See nginx.config in the repository for the complete configuration.

---

Makefile Commands

Command	Description
make / make build / make release	Build in release mode
make debug	Build in debug mode
make test	Run integration tests
make test-all	Run all tests (including unit tests)
make check	Run clippy with warnings denied
make fmt	Format code with cargo fmt
make fmt-check	Check formatting without changes
make clean	Clean build artifacts
make install	Install binary via cargo install --path .

---

Building from Source

Prerequisites

• Rust 1.75 or later (edition 2021)
• Cargo

Build

cargo build --release

The compiled binary will be at target/release/websocket-server.

Installation

cargo install --path .

Or copy the binary directly:

cp target/release/websocket-server /usr/local/bin/

---

Testing

Integration tests are written in Rust using #[tokio::test]. They test plain WebSocket echo, WSS with self-signed and manual certificates, concurrent connections, clean close, and invalid request handling.

Prerequisite: PHP must be installed and on PATH.

make test        # runs integration tests only
make test-all    # runs all tests with output

Or directly with Cargo:

cargo test --test integration_test -- --nocapture

Performance Notes

WebsocketServer is designed for simplicity and reliability rather than raw performance. Each WebSocket connection spawns a separate PHP process which costs more resources than an in-process handler. However, this isolation provides a layer of reliability as you avoid running into memory leaks if you were to run the WebsocketServer purely implemented in PHP.

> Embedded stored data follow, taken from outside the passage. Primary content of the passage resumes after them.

lemma face_dirs_subset_span_iff:
  fixes C :: "'a::euclidean_space set"
  assumes "convex_cone C" and "z \<in> C" and "z \<noteq> 0"
  shows "face_dirs C z \<subseteq> span {z} \<longleftrightarrow>
    \<not> (\<exists>u v. u \<in> C \<and> v \<in> C \<and> u \<noteq> v \<and> independent {u, v} \<and> z = u + v)"
proof
  assume dirs: "face_dirs C z \<subseteq> span {z}"
  show "\<not> (\<exists>u v. u \<in> C \<and> v \<in> C \<and> u \<noteq> v \<and> independent {u, v} \<and> z = u + v)"
  proof (intro notI, elim exE conjE)
    fix u v assume uv: "u \<in> C" "v \<in> C" "u \<noteq> v" "independent {u, v}" "z = u + v"
    have "u - v \<in> span {z}"
      using dirs diff_in_face_dirs_add [OF assms(1) uv(1,2)] uv(5) by blast
    then obtain c where "u - v = c *\<^sub>R (u + v)"
      using uv(5) by (auto simp: span_singleton)
    then have "(1 - c) *\<^sub>R u + (- (1 + c)) *\<^sub>R v = 0"
      by (simp add: algebra_simps)
    then have "1 - c = 0 \<and> - (1 + c) = 0"
      using uv(3,4) independent_pair_iff by blast
    then show False by linarith
  qed
next
  assume indec: "\<not> (\<exists>u v. u \<in> C \<and> v \<in> C \<and> u \<noteq> v \<and> independent {u, v} \<and> z = u + v)"
  show "face_dirs C z \<subseteq> span {z}"
  proof (rule subsetI, rule ccontr)
    fix d assume d: "d \<in> face_dirs C z" and "d \<notin> span {z}"
    then have indep: "d \<noteq> z \<and> independent {d, z}"
      using assms(3) span_base [of z "{z}"] by (auto simp: independent_insert)
    obtain \<epsilon> where \<epsilon>: "\<epsilon> > 0" "z + \<epsilon> *\<^sub>R d \<in> C" "z - \<epsilon> *\<^sub>R d \<in> C"
      using d by (auto simp: face_dirs_def)
    define u v where "u = (1/2) *\<^sub>R (z + \<epsilon> *\<^sub>R d)" and "v = (1/2) *\<^sub>R (z - \<epsilon> *\<^sub>R d)"
    have "u \<in> C" "v \<in> C"
      using \<epsilon> assms(1) by (auto simp: u_def v_def intro: convex_cone_scaleR)
    moreover have "z = u + v"
      by (simp add: u_def v_def algebra_simps flip: scaleR_add_left)
    moreover have "u \<noteq> v \<and> independent {u, v}"
      unfolding u_def v_def using independent_pair_half_add_diff [OF indep, of \<epsilon>] \<epsilon>(1) by simp
    ultimately show False
      using indec by blast
  qed
qed

lemma convex_cone_normal_cone: "convex_cone (normal_cone K x)"
  unfolding convex_cone_iff normal_cone_def
  by (auto simp: inner_add_left mult_nonneg_nonpos intro: add_nonpos_nonpos)

lemma mem_supp_set_iff:
  assumes "convex_body K"
  shows "x \<in> supp_set K z \<longleftrightarrow> x \<in> K \<and> z \<in> normal_cone K x"
proof -
  have "bdd_above ((\<lambda>y. y \<bullet> z) ` K)"
    using assms unfolding convex_body_def
    by (intro bounded_imp_bdd_above compact_imp_bounded compact_continuous_image continuous_intros) auto
  then have "x \<in> supp_set K z \<longleftrightarrow> x \<in> K \<and> (\<forall>y\<in>K. y \<bullet> z \<le> x \<bullet> z)"
    unfolding supp_set_def supp_fun_def
    by (auto intro: cSUP_upper cSup_eq_maximum [symmetric])
  then show ?thesis
    by (auto simp: normal_cone_def inner_diff_right inner_commute)
qed

lemma supp_set_nonempty:
  assumes "convex_body K"
  shows "supp_set K z \<noteq> {}"
proof -
  have "compact ((\<lambda>y. y \<bullet> z) ` K)" "(\<lambda>y. y \<bullet> z) ` K \<noteq> {}"
    using assms unfolding convex_body_def by (auto intro!: compact_continuous_image continuous_intros)
  then obtain s where "s \<in> (\<lambda>y. y \<bullet> z) ` K" "\<forall>t\<in>(\<lambda>y. y \<bullet> z) ` K. t \<le> s"
    by (meson compact_attains_sup)
  then obtain x where "x \<in> K" "\<forall>y\<in>K. y \<bullet> z \<le> x \<bullet> z"
    by auto
  then have "x \<in> K \<and> z \<in> normal_cone K x"
    by (auto simp: normal_cone_def inner_diff_right inner_commute)
  then show ?thesis using mem_supp_set_iff [OF assms] by blast
qed

lemma convex_supp_set:
  assumes "convex_body K"
  shows "convex (supp_set K z)"
proof -
  have "supp_set K z = K \<inter> {x. z \<bullet> x = supp_fun K z}"
    by (auto simp: supp_set_def inner_commute)
  then show ?thesis
    using assms by (auto simp: convex_body_def intro!: convex_Int convex_hyperplane)
qed

lemma face_dirs_normal_cone_subset:
  assumes "x \<in> supp_set K z" and "x' \<in> supp_set K z"
  shows "face_dirs (normal_cone K x) z \<subseteq> face_dirs (normal_cone K x') z"
proof
  fix d assume "d \<in> face_dirs (normal_cone K x) z"
  then obtain \<epsilon> where \<epsilon>: "\<epsilon> > 0" "z + \<epsilon> *\<^sub>R d \<in> normal_cone K x" "z - \<epsilon> *\<^sub>R d \<in> normal_cone K x"
    by (auto simp: face_dirs_def)
  have "x' \<in> K" and z: "z \<bullet> (x' - x) = 0"
    using assms by (auto simp: supp_set_def inner_diff_right inner_commute)
  then have "(z + \<epsilon> *\<^sub>R d) \<bullet> (x' - x) \<le> 0" "(z - \<epsilon> *\<^sub>R d) \<bullet> (x' - x) \<le> 0"
    using \<epsilon> by (auto simp: normal_cone_def)
  with z \<epsilon>(1) have "d \<bullet> (x' - x) = 0"
    by (simp add: inner_add_left inner_diff_left)
  \<comment> \<open>normals orthogonal to \<open>x' - x\<close> are normal at \<open>x\<close> iff they are normal at \<open>x'\<close>\<close>
  then have "\<forall>y\<in>K. w \<bullet> (y - x') = w \<bullet> (y - x)" if "w = z + \<epsilon> *\<^sub>R d \<or> w = z - \<epsilon> *\<^sub>R d" for w
    using that z by (auto simp: inner_diff_right inner_add_left inner_diff_left algebra_simps)
  then have "z + \<epsilon> *\<^sub>R d \<in> normal_cone K x'" "z - \<epsilon> *\<^sub>R d \<in> normal_cone K x'"
    using \<epsilon> by (auto simp: normal_cone_def)
  with \<epsilon>(1) show "d \<in> face_dirs (normal_cone K x') z"
    by (auto simp: face_dirs_def)
qed

lemma face_dirs_normal_cone_eq:
  assumes "x \<in> supp_set K z" and "x' \<in> supp_set K z"
  shows "face_dirs (normal_cone K x) z = face_dirs (normal_cone K x') z"
  using face_dirs_normal_cone_subset assms by blast

lemma span_touching_cone:
  assumes "convex_body K" and "x \<in> supp_set K z"
  shows "span (touching_cone K z) = face_dirs (normal_cone K x) z"
proof -
  define x\<^sub>0 where "x\<^sub>0 = (SOME x. x \<in> rel_interior (supp_set K z))"
  have "rel_interior (supp_set K z) \<noteq> {}"
    using assms(1) supp_set_nonempty rel_interior_eq_empty convex_supp_set by blast
  then have "x\<^sub>0 \<in> rel_interior (supp_set K z)"
    unfolding x\<^sub>0_def by (simp add: some_in_eq)
  then have "x\<^sub>0 \<in> supp_set K z"
    using rel_interior_subset by blast
  then have z: "z \<in> normal_cone K x\<^sub>0"
    using mem_supp_set_iff [OF assms(1)] by blast
  have "touching_cone K z = normal_cone K x\<^sub>0 \<inter> face_dirs (normal_cone K x\<^sub>0) z"
    unfolding touching_cone_def normal_cone_face_def x\<^sub>0_def [symmetric]
    by (rule the_face_rel_interior_eq [OF convex_cone_normal_cone z])
  then have "span (touching_cone K z) = face_dirs (normal_cone K x\<^sub>0) z"
    using span_face_dirs [OF convex_cone_normal_cone z] by simp
  also have "\<dots> = face_dirs (normal_cone K x) z"
    using face_dirs_normal_cone_eq \<open>x\<^sub>0 \<in> supp_set K z\<close> assms(2) by blast
  finally show ?thesis .
qed

abbreviation flat_ball :: "'a::euclidean_space \<Rightarrow> 'a set" where
  "flat_ball e \<equiv> cball 0 1 \<inter> {x. x \<bullet> e = 0}"

lemma convex_body_flat_ball: "convex_body (flat_ball e)"
  unfolding convex_body_def
proof (intro conjI)
  have "0 \<in> flat_ball e" by simp
  then show "flat_ball e \<noteq> {}" by blast
  have "closed {x. x \<bullet> e = 0}" "convex {x. x \<bullet> e = 0}"
    using closed_hyperplane [of e 0] convex_hyperplane [of e 0] by (simp_all add: inner_commute)
  then show "compact (flat_ball e)" "convex (flat_ball e)"
    by (auto intro: compact_Int_closed convex_Int)
qed

lemma normal_cone_flat_ball_orthogonal_part:
  fixes e p u q :: "'a::euclidean_space"
  assumes p: "p \<in> flat_ball e" and u: "u \<in> normal_cone (flat_ball e) p"
    and q: "q \<bullet> e = 0" "q \<bullet> p = 0" "u \<bullet> q = q \<bullet> q"
  shows "q = 0"
proof (rule ccontr)
  assume "q \<noteq> 0"
  then have qq: "q \<bullet> q > 0" by simp
  have pe: "p \<bullet> e = 0" and pp: "p \<bullet> p \<le> 1"
    using p norm_le_square [of p 1] by auto
  \<comment> \<open>move from \<open>p\<close> towards \<open>q\<close>, pulling back along \<open>p\<close> just enough to stay in the ball\<close>
  define t where "t = 1 / (norm q + \<bar>u \<bullet> p\<bar> + 1)"
  define a where "a = t\<^sup>2 * (q \<bullet> q)"
  define y where "y = (1 - a) *\<^sub>R p + t *\<^sub>R q"
  have den: "norm q + \<bar>u \<bullet> p\<bar> + 1 > 0"
    by (smt (verit) norm_ge_zero abs_ge_zero)
  have t: "t > 0" "t * norm q \<le> 1" "t * (u \<bullet> p) < 1"
    using den by (simp_all add: t_def field_simps)
      (use abs_ge_self [of "u \<bullet> p"] norm_ge_zero [of q] in linarith)
  have "a = (t * norm q)\<^sup>2"
    by (simp add: a_def power_mult_distrib power2_norm_eq_inner)
  then have a: "0 \<le> a" "a \<le> 1"
    using t by (auto simp: abs_square_le_1)
  have "y \<bullet> y = (1 - a)\<^sup>2 * (p \<bullet> p) + a"
    using q(2) by (simp add: y_def a_def inner_add_left inner_add_right inner_commute power2_eq_square algebra_simps)
  also have "\<dots> \<le> (1 - a)\<^sup>2 + a"
    using pp by (simp add: mult_left_le)
  also have "\<dots> \<le> 1"
    using a by (simp add: power2_eq_square algebra_simps mult_left_le)
  finally have "norm y \<le> 1"
    by (simp add: norm_le_square)
  moreover have "y \<bullet> e = 0"
    by (simp add: y_def inner_add_left pe q(1))
  ultimately have y: "y \<in> flat_ball e"
    by simp
  have "u \<bullet> (y - p) = t * (q \<bullet> q) * (1 - t * (u \<bullet> p))"
    using q(3) by (simp add: y_def a_def inner_diff_right inner_add_right power2_eq_square algebra_simps)
  also have "\<dots> > 0"
    using t qq by simp
  finally show False
    using u y by (auto simp: normal_cone_def not_le [symmetric])
qed

lemma normal_cone_flat_ball_subset:
  fixes e p :: "'a::euclidean_space"
  assumes e: "norm e = 1" and p: "p \<in> flat_ball e"
  shows "normal_cone (flat_ball e) p \<subseteq> span {e, p}"
proof
  fix u assume u: "u \<in> normal_cone (flat_ball e) p"
  define c where "c = (u \<bullet> p) / (p \<bullet> p)"
  define q where "q = u - (u \<bullet> e) *\<^sub>R e - c *\<^sub>R p"
  have ee: "e \<bullet> e = 1" and pe: "p \<bullet> e = 0" "e \<bullet> p = 0"
    using e p by (auto simp: norm_eq_1 inner_commute)
  have qe: "q \<bullet> e = 0" "e \<bullet> q = 0"
    by (simp_all add: q_def inner_diff_left inner_diff_right ee pe inner_commute)
  have qp: "q \<bullet> p = 0" "p \<bullet> q = 0"
    by (cases "p = 0"; simp add: q_def c_def inner_diff_left inner_diff_right pe inner_commute)+
  have "u = q + (u \<bullet> e) *\<^sub>R e + c *\<^sub>R p" by (simp add: q_def)
  then have "u \<bullet> q = q \<bullet> q"
    by (metis inner_add_left inner_scaleR_left qe(2) qp(2) add.right_neutral mult_zero_right)
  then have "q = 0"
    using normal_cone_flat_ball_orthogonal_part [OF p u qe(1) qp(1)] by blast
  then have "u = (u \<bullet> e) *\<^sub>R e + c *\<^sub>R p"
    by (simp add: q_def algebra_simps)
  then show "u \<in> span {e, p}"
    by (metis span_add span_base span_scale insertI1 insertI2 singletonI)
qed

lemma flat_ball_support_point:
  fixes e z :: "'a::euclidean_space"
  assumes e: "norm e = 1"
  obtains p where "p \<in> supp_set (flat_ball e) z" and "p \<in> span {e, z}"
proof -
  define z\<^sub>L where "z\<^sub>L = z - (z \<bullet> e) *\<^sub>R e"
  \<comment> \<open>\<open>p = 0\<close> when \<open>z\<close> is parallel to \<open>e\<close>, since \<open>1 / 0 = 0\<close>\<close>
  define p where "p = (1 / norm z\<^sub>L) *\<^sub>R z\<^sub>L"
  have "e \<bullet> e = 1" using e by (simp add: norm_eq_1)
  then have pe: "p \<bullet> e = 0"
    by (simp add: p_def z\<^sub>L_def inner_diff_left)
  have np: "norm p = 1 \<or> p = 0"
    by (auto simp: p_def)
  then have "p \<in> flat_ball e" using pe by auto
  have "(z \<bullet> e) *\<^sub>R e \<in> normal_cone (flat_ball e) p"
    using pe by (auto simp: normal_cone_def inner_diff_right inner_commute)
  moreover have "p \<bullet> y \<le> p \<bullet> p" if "y \<in> flat_ball e" for y
    using np norm_cauchy_schwarz [of p y] that by (auto simp: dot_square_norm)
  then have "p \<in> normal_cone (flat_ball e) p"
    by (auto simp: normal_cone_def inner_diff_right)
  ultimately have "(z \<bullet> e) *\<^sub>R e + norm z\<^sub>L *\<^sub>R p \<in> normal_cone (flat_ball e) p"
    using convex_cone_normal_cone by (auto intro!: convex_cone_add convex_cone_scaleR)
  moreover have "z = (z \<bullet> e) *\<^sub>R e + norm z\<^sub>L *\<^sub>R p"
    by (cases "z\<^sub>L = 0") (auto simp: p_def z\<^sub>L_def)
  ultimately have "p \<in> supp_set (flat_ball e) z"
    using mem_supp_set_iff [OF convex_body_flat_ball [of e]] \<open>p \<in> flat_ball e\<close> by simp
  moreover have "p \<in> span {e, z}"
    unfolding p_def z\<^sub>L_def by (intro span_scale span_diff span_base) auto
  ultimately show ?thesis using that by blast
qed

Approximately ~100-500 concurrent connections can be handled on a typical server where's ~1,000-5,000 concurrent connections leads into a territory of ram usage accumulating up to 2GB or more depending on the PHP script being executed.

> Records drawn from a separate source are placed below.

section \<open>Breadth-first search layers\<close>

locale bfs =
  fixes F :: "'a set set" and W :: "'a set" and r :: 'a
  assumes finite_W: "finite W" and root_in_W: "r \<in> W"
begin

primrec ball :: "nat \<Rightarrow> 'a set" where
  "ball 0 = {r}"
| "ball (Suc i) = ball i \<union> {w\<in>W. \<exists>x\<in>ball i. {x, w} \<in> F}"

definition layer :: "nat \<Rightarrow> 'a set" where
  "layer i = {x\<in>ball i. \<forall>j<i. x \<notin> ball j}"

lemma ball_subset_W: "ball i \<subseteq> W"
  by (induction i) (auto simp: root_in_W)

lemma layer_subset_W: "layer i \<subseteq> W"
  using ball_subset_W by (auto simp: layer_def)

lemma finite_layer: "finite (layer i)"
  using layer_subset_W finite_W by (rule finite_subset)

lemma layer_0: "layer 0 = {r}"
  by (simp add: layer_def)

lemma layer_unique: "x \<in> layer i \<Longrightarrow> x \<in> layer j \<Longrightarrow> i = j"
  unfolding layer_def by (cases i j rule: linorder_cases) auto

lemma layer_disjoint: "i \<noteq> j \<Longrightarrow> layer i \<inter> layer j = {}"
  using layer_unique by blast

lemma ball_imp_layer:
  assumes "x \<in> ball i"
  obtains j where "j \<le> i" "x \<in> layer j"
proof
  let ?j = "LEAST j. x \<in> ball j"
  show "?j \<le> i" using assms by (rule Least_le)
  show "x \<in> layer ?j"
    unfolding layer_def using LeastI[of "\<lambda>j. x \<in> ball j", OF assms] not_less_Least by blast
qed

lemma layer_adjacent:
  assumes "x \<in> layer i" "w \<in> W" "{x, w} \<in> F"
  obtains j where "w \<in> layer j" "j \<le> Suc i" "i \<le> Suc j"
proof -
  have "x \<in> ball i" using assms(1) by (simp add: layer_def)
  with assms(2,3) have "w \<in> ball (Suc i)" by auto
  then obtain j where j: "j \<le> Suc i" "w \<in> layer j" by (rule ball_imp_layer)
  have "x \<in> ball (Suc j)"
    using j(2) assms(1,3) layer_subset_W by (auto simp: layer_def insert_commute)
  then obtain i' where "i' \<le> Suc j" "x \<in> layer i'" by (rule ball_imp_layer)
  with assms(1) have "i \<le> Suc j" using layer_unique by blast
  with j that show ?thesis by blast
qed

lemma layer_Suc_parent:
  assumes "x \<in> layer (Suc i)"
  shows "\<exists>w\<in>layer i. {w, x} \<in> F"
proof -
  from assms have "x \<in> ball (Suc i)" "x \<notin> ball i" by (auto simp: layer_def)
  then obtain w where w: "w \<in> ball i" "{w, x} \<in> F" by auto
  from w(1) obtain j where j: "j \<le> i" "w \<in> layer j" by (rule ball_imp_layer)
  have "x \<in> W" using assms layer_subset_W by blast
  with w j(2) obtain j' where "x \<in> layer j'" "j' \<le> Suc j"
    by (auto elim: layer_adjacent)
  with assms j have "j = i" using layer_unique by fastforce
  with j w show ?thesis by blast
qed

definition parent :: "'a \<Rightarrow> 'a" where
  "parent x = (SOME w. \<exists>i. x \<in> layer (Suc i) \<and> w \<in> layer i \<and> {w, x} \<in> F)"

lemma parent_in_layer:
  assumes "x \<in> layer (Suc i)"
  shows "parent x \<in> layer i" "{parent x, x} \<in> F"
proof -
  have "\<exists>i'. x \<in> layer (Suc i') \<and> parent x \<in> layer i' \<and> {parent x, x} \<in> F"
    unfolding parent_def by (rule someI_ex) (use assms layer_Suc_parent in blast)
  then obtain i' where "x \<in> layer (Suc i')" "parent x \<in> layer i'" "{parent x, x} \<in> F" by blast
  moreover from assms this(1) have "i' = i" using layer_unique by blast
  ultimately show "parent x \<in> layer i" "{parent x, x} \<in> F" by simp_all
qed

It would be more reliable to treat WebsocketServer as a means to extend your web application/service's capabilities or features by providing short-lived or moderately long-lived WebSocket connections to run PHP scripts that can perform tasks asynchronously or outside the request-response lifecycle of your main web application. For example, you can use WebsocketServer to run PHP scripts that perform background processing, long-running tasks, or real-time communication without blocking your main web server.

License

The project is licensed under the MIT License. See the LICENSE file for details.